- [Assignment] Go to the line holding "t) = (\<lambda>t." in the entries below and write out exactly every line down to and including the line holding "unfolding \<alpha>_def p_def".
─── Records to process
lemma annihilated_commutator_sum_one:
  "annihilated_commutator_sum (UNIV <+> UNIV :: (2 + 3) set) (1::'a)"
proof -
  \<comment> \<open>With p(t) = sum_{k<4} binom(3+k, k) t^k one has (1 - t)^4 p(t) + t^4 p(1 - t) = 1.\<close>
  define p :: "real \<Rightarrow> real" where "p t = 1 + 4 * t + 10 * t^2 + 20 * t^3" for t
  define \<alpha> :: "real \<Rightarrow> real" where "\<alpha> = (\<lambda>t. (1 - t) * (1 - t) * ((1 - t) * p t) * (1 - t))"
  define \<beta> :: "real \<Rightarrow> real" where "\<beta> = (\<lambda>t. t * t * (t * p (1 - t)) * t)"
  have left: "annihilated_commutator_sum (UNIV :: 2 set)
      (\<phi> (simple_tensor \<alpha> (kron (mat 1) (mat 1))))"
    unfolding \<alpha>_def
    by (rule annihilated_commutator_sum_corner[where E = "\<lambda>a. kron a (mat 1)"
          and G = "{g. continuous_on {0..1} g \<and> g 1 = 0}" and g = "\<lambda>t. 1 - t"])
      (auto simp: kron_mult additive_kron_left p_def intro!: simple_tensor_kron_left_in_Z23
        continuous_intros)
  have right: "annihilated_commutator_sum (UNIV :: 3 set)
      (\<phi> (simple_tensor \<beta> (kron (mat 1) (mat 1))))"
    unfolding \<beta>_def
    by (rule annihilated_commutator_sum_corner[where E = "kron (mat 1)"
          and G = "{g. continuous_on {0..1} g \<and> g 0 = 0}" and g = "\<lambda>t. t"])
      (auto simp: kron_mult additive_kron_right p_def intro!: simple_tensor_kron_right_in_Z23
        continuous_intros)
  have partition: "(\<lambda>t. \<alpha> t + \<beta> t) = (\<lambda>t. 1)"
    unfolding \<alpha>_def \<beta>_def p_def by (rule ext) algebra
  have "simple_tensor \<alpha> (kron (mat 1) (mat 1)) \<in> Z23"
    unfolding \<alpha>_def p_def by (auto intro!: simple_tensor_kron_left_in_Z23 continuous_intros)
  moreover have "simple_tensor \<beta> (kron (mat 1) (mat 1)) \<in> Z23"
    unfolding \<beta>_def p_def by (auto intro!: simple_tensor_kron_right_in_Z23 continuous_intros)
  ultimately have "\<phi> (simple_tensor \<alpha> (kron (mat 1) (mat 1)))
      + \<phi> (simple_tensor \<beta> (kron (mat 1) (mat 1)))
      = \<phi> (simple_tensor (\<lambda>t. \<alpha> t + \<beta> t) (kron (mat 1) (mat 1)))"
    by (simp add: add[symmetric] simple_tensor_add_fun)
  also have "\<dots> = 1"
    by (simp add: partition kron_one Z23_one_eq_simple_tensor[symmetric] one)
  finally show ?thesis
    using annihilated_commutator_sum_Plus[OF finite finite left right] by simp
qed

end

theorem theorem6p4:
  fixes \<phi> :: "(real \<Rightarrow> mat6) \<Rightarrow> 'a::unital_cstar_algebra"
  assumes "unital_star_hom_Z23 \<phi>"
  shows "(\<exists>N. \<forall>a::'a. sum_of_comm_prods N a) \<and> xi TYPE('a) \<le> 6"
proof -
  interpret unital_Z23_hom \<phi>
    by (rule unital_Z23_hom.intro) (rule assms)
  have five: "\<forall>a::'a. sum_of_comm_prods 5 a"
    using sum_of_comm_prods_card[OF _ annihilated_commutator_sum_one] by (simp add: card_Plus)
  then have "xi TYPE('a) \<le> 5"
    unfolding xi_def by (rule Least_le)
  with five show ?thesis
    by auto
qed

end
(* (Perfect soundness of the Meadows protocol.) Let a Meadows puzzle on an $n\times n$ grid be given. If the prover $P$ does not know a solution of the puzzle, then in the Meadows zero-knowledge protocol described in the context the verifier $V$ always rejects; equivalently, if $V$ accepts, then the squares printed during the protocol form a partition of the grid into squares each containing exactly one dotted cell.
   Context: Meadows puzzle: an $n\times n$ grid in which some cells $c_1,\dots,c_k$ contain a dot. A solution is a partition of the grid into squares (axis-aligned $s\times s$ blocks of cells) such that each square contains exactly one dotted cell. Cards: each card has either an integer or nothing (a blank card) on its front; all backs are indistinguishable. A pile-shifting shuffle applied to a matrix of face-down cards (entries may be equal-size stacks per row) cyclically shifts its columns by a uniformly random amount unknown to everyone. Chosen cut protocol: given face-down cards (or equal-size stacks) $c'_1,\dots,c'_q$ and a secret index $i$ chosen by $P$, $P$ forms a $3\times q$ matrix with row 1 equal to $c'_1,\dots,c'_q$, row 2 a face-down card $1$ in column $i$ and $0$ elsewhere, row 3 a card $1$ in column 1 and $0$ elsewhere (turned face-down); a pile-shifting shuffle is applied; row 2 is revealed and the card of row 1 above the $1$ is $c'_i$; after use it is put back, face-up cards are turned down, another pile-shifting shuffle is applied, row 3 is revealed and the columns are shifted cyclically so its $1$ returns to column 1. Printing protocol: given a face-down $p\times q$ template and a $p\times q$ area, each template card is placed on the corresponding area card; for each two-card stack, $P$ uses the chosen cut protocol to select a card, it is revealed, $V$ rejects unless it is blank, and it is removed. Meadows protocol: $P$ publicly puts a blank card on every cell, appends $n-1$ rows and $n-1$ columns of blank dummy cards below and to the right, and turns all cards face-down, giving a $(2n-1)\times(2n-1)$ matrix (read row by row as a sequence). $P$ builds $n$ templates, one for each $s=1,\dots,n$: an $n\times n$ matrix whose top-left $s\times s$ block consists of cards $1$ and whose other cards are blank; $V$ checks them. For $i=1,\dots,k$: (1) via the chosen cut protocol $P$ selects the top-left card of an $n\times n$ area; (2) via the chosen cut protocol $P$ selects a template; (3) the printing protocol is applied; (4) all cards on dotted cells are revealed and $V$ rejects unless those on $c_1,\dots,c_i$ are $1$ and those on $c_{i+1},\dots,c_k$ are blank (they are then turned face-down again); (5) $P$ reconstructs a template, returns it to the pile, and $V$ checks that the pile consists of the $n$ correct templates (rejecting otherwise). Finally $P$ reveals all grid cards and $V$ rejects unless all are $1$; $P$ reveals all dummy cards and $V$ rejects unless all are blank. Otherwise $V$ accepts. *)

theory Defs
  imports Main
begin
(* Let $C=(C_{i,i'})_{1\le i,i'\le l}$ be a symmetric matrix. For all $m\in\mathbb Z_{\ge0}^l$, $$I_{C,m}(q,z)=\sum_{a\in\mathbb Z^l,\ 0\le a\le m}\frac{z^a q^{W_{C,a}}}{(q)_{m-a}}\,I_{C,a}(q,z),$$ where $0\le a\le m$ means $0\le a_i\le m_i$ for all $i$. Moreover, the solution of this recursion is unique once $I_{C,0}(q,z)=1$ is fixed.
   Context: Let $(q)_n=\prod_{k=1}^n(1-q^k)$ and, for $n\in\mathbb Z^l_{\ge0}$, $(q)_n=\prod_i(q)_{n_i}$; $z^a=\prod_i z_i^{a_i}$; $W_{C,a}=\frac12\big(\sum_{i,i'}C_{i,i'}a_ia_{i'}-\sum_iC_{i,i}a_i\big)$. Powers $q^{c}$ with $c$ a linear combination of entries of $C$ are treated as formal symbols with $q^aq^b=q^{a+b}$. For $m=(m_1,\dots,m_l)\in\mathbb Z^l_{\ge0}$ define the formal power series in $z=(z_1,\dots,z_l)$ $$I_{C,m}(q,z)=\sum_{\mathbf m}\prod_{i=1}^l z_i^{\sum_{t\ge0}t m_{i,t}}\frac{q^{Q_C(\mathbf m)}}{\prod_{i,t}(q)_{m_{i,t}}},$$ the sum over all tuples $\mathbf m=(m_{i,t})_{1\le i\le l,\ t\ge0}$ of nonnegative integers with $\sum_{t\ge0}m_{i,t}=m_i$ for each $i$, where $Q_C(\mathbf m)=\frac12\sum_{i,i'}\sum_{t,t'\ge0}C_{i,i'}\min(t,t')m_{i,t}m_{i',t'}-\frac12\sum_i\sum_{t\ge0}C_{i,i}\,t\,m_{i,t}$. *)

theory Defs
  imports Complex_Main
begin

text \<open>Index set {1..l} is modelled by a finite type 'n. Multi-indices are functions 'n => nat.
  A formal power series in z = (z_i) with real coefficients is represented by its coefficient
  function (('n => nat) => real): F N is the coefficient of z^N.\<close>

type_synonym 'n zseries = "('n \<Rightarrow> nat) \<Rightarrow> real"

definition qpoch :: "real \<Rightarrow> nat \<Rightarrow> real" where
  "qpoch q n = (\<Prod>k=1..n. 1 - q ^ k)"

definition qpochv :: "real \<Rightarrow> ('n::finite \<Rightarrow> nat) \<Rightarrow> real" where
  "qpochv q n = (\<Prod>i\<in>UNIV. qpoch q (n i))"

definition W :: "('n::finite \<Rightarrow> 'n \<Rightarrow> real) \<Rightarrow> ('n \<Rightarrow> nat) \<Rightarrow> real" where
  "W C a = ((\<Sum>i\<in>UNIV. \<Sum>i'\<in>UNIV. C i i' * real (a i) * real (a i'))
            - (\<Sum>i\<in>UNIV. C i i * real (a i))) / 2"

definition supp_t :: "('n \<Rightarrow> nat \<Rightarrow> nat) \<Rightarrow> 'n \<Rightarrow> nat set" where
  "supp_t mm i = {t. mm i t \<noteq> 0}"

definition QC :: "('n::finite \<Rightarrow> 'n \<Rightarrow> real) \<Rightarrow> ('n \<Rightarrow> nat \<Rightarrow> nat) \<Rightarrow> real" where
  "QC C mm = ((\<Sum>i\<in>UNIV. \<Sum>i'\<in>UNIV. \<Sum>t\<in>supp_t mm i. \<Sum>t'\<in>supp_t mm i'.
                  C i i' * real (min t t') * real (mm i t) * real (mm i' t'))
             - (\<Sum>i\<in>UNIV. \<Sum>t\<in>supp_t mm i. C i i * real t * real (mm i t))) / 2"

text \<open>The tuples mm contributing to the coefficient of z^N in I_{C,m}:
  sum_t m_{i,t} = m_i and sum_t t m_{i,t} = N_i. (The vanishing for t > N_i is implied
  by the second condition; it only makes the sums finite.)\<close>
definition tuples :: "('n::finite \<Rightarrow> nat) \<Rightarrow> ('n \<Rightarrow> nat) \<Rightarrow> ('n \<Rightarrow> nat \<Rightarrow> nat) set" where
  "tuples m N = {mm. (\<forall>i t. N i < t \<longrightarrow> mm i t = 0)
                     \<and> (\<forall>i. (\<Sum>t\<le>N i. mm i t) = m i)
                     \<and> (\<forall>i. (\<Sum>t\<le>N i. t * mm i t) = N i)}"

definition Iser :: "('n::finite \<Rightarrow> 'n \<Rightarrow> real) \<Rightarrow> real \<Rightarrow> ('n \<Rightarrow> nat) \<Rightarrow> 'n zseries" where
  "Iser C q m = (\<lambda>N. \<Sum>mm\<in>tuples m N.
      q powr (QC C mm) / (\<Prod>i\<in>UNIV. \<Prod>t\<in>supp_t mm i. qpoch q (mm i t)))"

text \<open>Multiplication of a series by the monomial z^a.\<close>
definition zshift :: "('n \<Rightarrow> nat) \<Rightarrow> 'n zseries \<Rightarrow> 'n zseries" where
  "zshift a F = (\<lambda>N. if (\<forall>i. a i \<le> N i) then F (\<lambda>i. N i - a i) else 0)"

definition zone :: "'n zseries" where
  "zone = (\<lambda>N. if N = (\<lambda>_. 0) then 1 else 0)"

definition rec_rhs :: "('n::finite \<Rightarrow> 'n \<Rightarrow> real) \<Rightarrow> real \<Rightarrow> (('n \<Rightarrow> nat) \<Rightarrow> 'n zseries)
                       \<Rightarrow> ('n \<Rightarrow> nat) \<Rightarrow> 'n zseries" where
  "rec_rhs C q J m = (\<lambda>N. \<Sum>a\<in>{a. \<forall>i. a i \<le> m i}.
      q powr (W C a) / qpochv q (\<lambda>i. m i - a i) * zshift a (J a) N)"

end

theory Submission
  imports Defs "HOL-Library.FuncSet"
begin
lemma single_offspring_many_zeros:
  fixes n z :: nat and p l :: real
  assumes p: "0 \<le> p" "p \<le> 1" and pz: "p * real z \<le> c" and z: "n < 3 * z" and l: "1 \<le> l" "l < 3/2"
  shows "exp (\<eta> * (\<epsilon> * real n / 2) + \<kappa> * (F powr (1/s) * l)) * (((1 - p) * exp (-\<eta>) + p) ^ z * ((1 - p) + p * exp (-\<eta>)) ^ (n - z))
         \<le> drift_error n"
proof -
  have "((1 - p) + p * exp \<eta>) ^ z \<le> 1 + q0/2"
    by (rule gain_weight_power_le[OF p(1) pz c(1) eta(1) _ eta(3) q0_pos]) (use eta in simp)
  with q0_le_1 have A: "((1 - p) + p * exp \<eta>) ^ z \<le> 2" by linarith
  have "(1 - p) * exp (-\<eta>) + p = exp (-\<eta>) * ((1 - p) + p * exp \<eta>)"
    by (simp add: algebra_simps exp_minus_inverse)
  then have "((1 - p) * exp (-\<eta>) + p) ^ z = exp (-\<eta> * real z) * ((1 - p) + p * exp \<eta>) ^ z"
    by (simp add: power_mult_distrib exp_of_nat_mult[symmetric] mult.commute)
  also have "\<dots> \<le> exp (-\<eta> * real z) * 2" using A by (intro mult_left_mono) auto
  finally have G0: "((1 - p) * exp (-\<eta>) + p) ^ z \<le> exp (-\<eta> * real z) * 2" .
  have "p * exp (-\<eta>) \<le> p * 1" using p eta by (intro mult_left_mono) auto
  then have G1: "((1 - p) + p * exp (-\<eta>)) ^ (n - z) \<le> 1" using p by (intro power_le_one) auto
  have prod: "((1 - p) * exp (-\<eta>) + p) ^ z * ((1 - p) + p * exp (-\<eta>)) ^ (n - z) \<le> exp (-\<eta> * real z) * 2"
    using mult_mono[OF G0 G1] p by simp
  have lambda: "\<kappa> * (F powr (1/s) * l) \<le> \<kappa> * 3"
  proof -
    have "F powr (1/s) * l \<le> 2 * (3/2)"
      using growth(3) l by (intro mult_mono) auto
    then show ?thesis using kap by (intro mult_left_mono) auto
  qed
  have "exp (\<eta> * (\<epsilon> * real n / 2) + \<kappa> * (F powr (1/s) * l)) * (((1 - p) * exp (-\<eta>) + p) ^ z * ((1 - p) + p * exp (-\<eta>)) ^ (n - z))
      \<le> exp (\<eta> * (\<epsilon> * real n / 2) + \<kappa> * 3) * (exp (-\<eta> * real z) * 2)"
    using p by (intro mult_mono[OF _ prod]) (use lambda in auto)
  also have "\<dots> = 2 * exp (3 * \<kappa>) * exp (\<eta> * (\<epsilon> * real n / 2 - real z))"
    by (simp add: mult_exp_exp algebra_simps)
  also have "\<dots> \<le> drift_error n"
  proof -
    have "\<epsilon> * real n \<le> (1/3) * real n" using eps by (intro mult_right_mono) auto
    then have "\<eta> * (\<epsilon> * real n / 2 - real z) \<le> \<eta> * (- real n / 6)"
      using z eta by (intro mult_left_mono) auto
    then show ?thesis by (simp add: drift_error_def)
  qed
  finally show ?thesis .
qed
──────
- [Written solution]
  have partition: "(\<lambda>t. \<alpha> t + \<beta> t) = (\<lambda>t. 1)"
    unfolding \<alpha>_def \<beta>_def p_def by (rule ext) algebra
  have "simple_tensor \<alpha> (kron (mat 1) (mat 1)) \<in> Z23"
    unfolding \<alpha>_def p_def by (auto intro!: simple_tensor_kron_left_in_Z23 continuous_intros)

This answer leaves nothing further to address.